**Work task**
If a line in the records below includes the word "Longrightarrow", count it, then give the total and nothing else.
□ □ □
(* Let $a\ge2$, $d\ge1$, $h\ge1$ and $s$ be integers with $\gcd(a,d)=1$ and $1\le s<a$. Let $\mathit{NR}$ be the set of positive integers not representable as $ax_0+\sum_{i=1}^s(ha+id)x_i$ with $x_0,\dots,x_s$ nonnegative integers, and let $S_m=\sum_{n\in\mathit{NR}}n^m$. Then for every integer $m\ge3$, \[ \begin{aligned} m(m-1)(m-2)S_{m-3}={}&m\sum_{j=0}^{m-1}\binom{m-1}{j}d^{m-j-2}B_{m-j-1}a^{j-1}\phi_j\!\left(h\lceil (a-1)/s\rceil+d\right)\\ &+\sum_{j=0}^{m}\sum_{i=0}^{j}\binom{m}{j}\binom{j}{i}a^{m-j-1}\phi_{m-j}(h)(-d)^{j-i-1}(ha+sd)^{i-1}B_{j-i}\,\phi_i\!\left(\lceil (a-1)/s\rceil\right)\\ &-m(m-1)B_{m-2}. \end{aligned} \]
   Context: $B_m(x)$ denotes the Bernoulli polynomials, defined by $\frac{te^{tx}}{e^t-1}=\sum_{m\ge0}B_m(x)\frac{t^m}{m!}$; $B_m=B_m(0)$ are the Bernoulli numbers; $\phi_j(x)=B_j(x)-B_j$ (so $\phi_0=0$, and terms containing the factor $\phi_0$ are zero). $\lceil x\rceil$ is the least integer not less than $x$. *)

theory Defs
  imports "HOL-Analysis.Analysis" "HOL-Computational_Algebra.Formal_Power_Series"
begin

definition bernpoly :: "nat \<Rightarrow> real \<Rightarrow> real" where
  "bernpoly m x = fact m * fps_nth (fps_X * fps_exp x / (fps_exp 1 - 1)) m"

definition bernoulli :: "nat \<Rightarrow> real" where
  "bernoulli m = bernpoly m 0"

definition bphi :: "nat \<Rightarrow> real \<Rightarrow> real" where
  "bphi j x = bernpoly j x - bernoulli j"

definition NR :: "nat \<Rightarrow> nat \<Rightarrow> nat \<Rightarrow> nat \<Rightarrow> nat set" where
  "NR a d h s = {n. 0 < n \<and> \<not> (\<exists>x0 (x :: nat \<Rightarrow> nat).
      n = a * x0 + (\<Sum>i=1..s. (h * a + i * d) * x i))}"

definition Spow :: "nat \<Rightarrow> nat \<Rightarrow> nat \<Rightarrow> nat \<Rightarrow> nat \<Rightarrow> real" where
  "Spow a d h s m = (\<Sum>n\<in>NR a d h s. real n ^ m)"

end

theory Submission
  imports Defs "HOL-Number_Theory.Cong"
begin

(* Let N = sum of e^(nX) over the non-representable n. The representable numbers are closed
   under adding a, and their Apery set with respect to a consists of the numbers
   ceil(t/s) h a + t d with t < a, so
     (e^(aX) - 1) N = sum_{t<a} e^((ceil(t/s) h a + t d) X) - sum_{r<a} e^(rX).
   Grouping the first sum into blocks of s consecutive t gives it in closed form. Multiplying
   by X^3 and reading every X / (e^(cX) - 1) as the exponential generating function of
   c^(k-1) B_k turns X^3 N into a sum of products of such series; comparing the coefficients
   of X^m / m! gives the formula. *)

definition bernoulli_gf :: "real \<Rightarrow> real fps" where
  "bernoulli_gf c = fps_X / (fps_exp c - 1)"

lemma subdegree_fps_exp_minus_1: "c \<noteq> 0 \<Longrightarrow> subdegree (fps_exp c - 1 :: real fps) = 1"
  by (rule subdegreeI) auto

lemma fps_exp_minus_1_nonzero: "c \<noteq> 0 \<Longrightarrow> fps_exp c - 1 \<noteq> (0 :: real fps)"
  using subdegree_fps_exp_minus_1 by fastforce

lemma bernoulli_gf_times: "c \<noteq> 0 \<Longrightarrow> bernoulli_gf c * (fps_exp c - 1) = fps_X"
  unfolding bernoulli_gf_def
  by (rule fps_times_divide_eq) (use fps_exp_minus_1_nonzero subdegree_fps_exp_minus_1 in auto)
□ □ □
**Task response**
3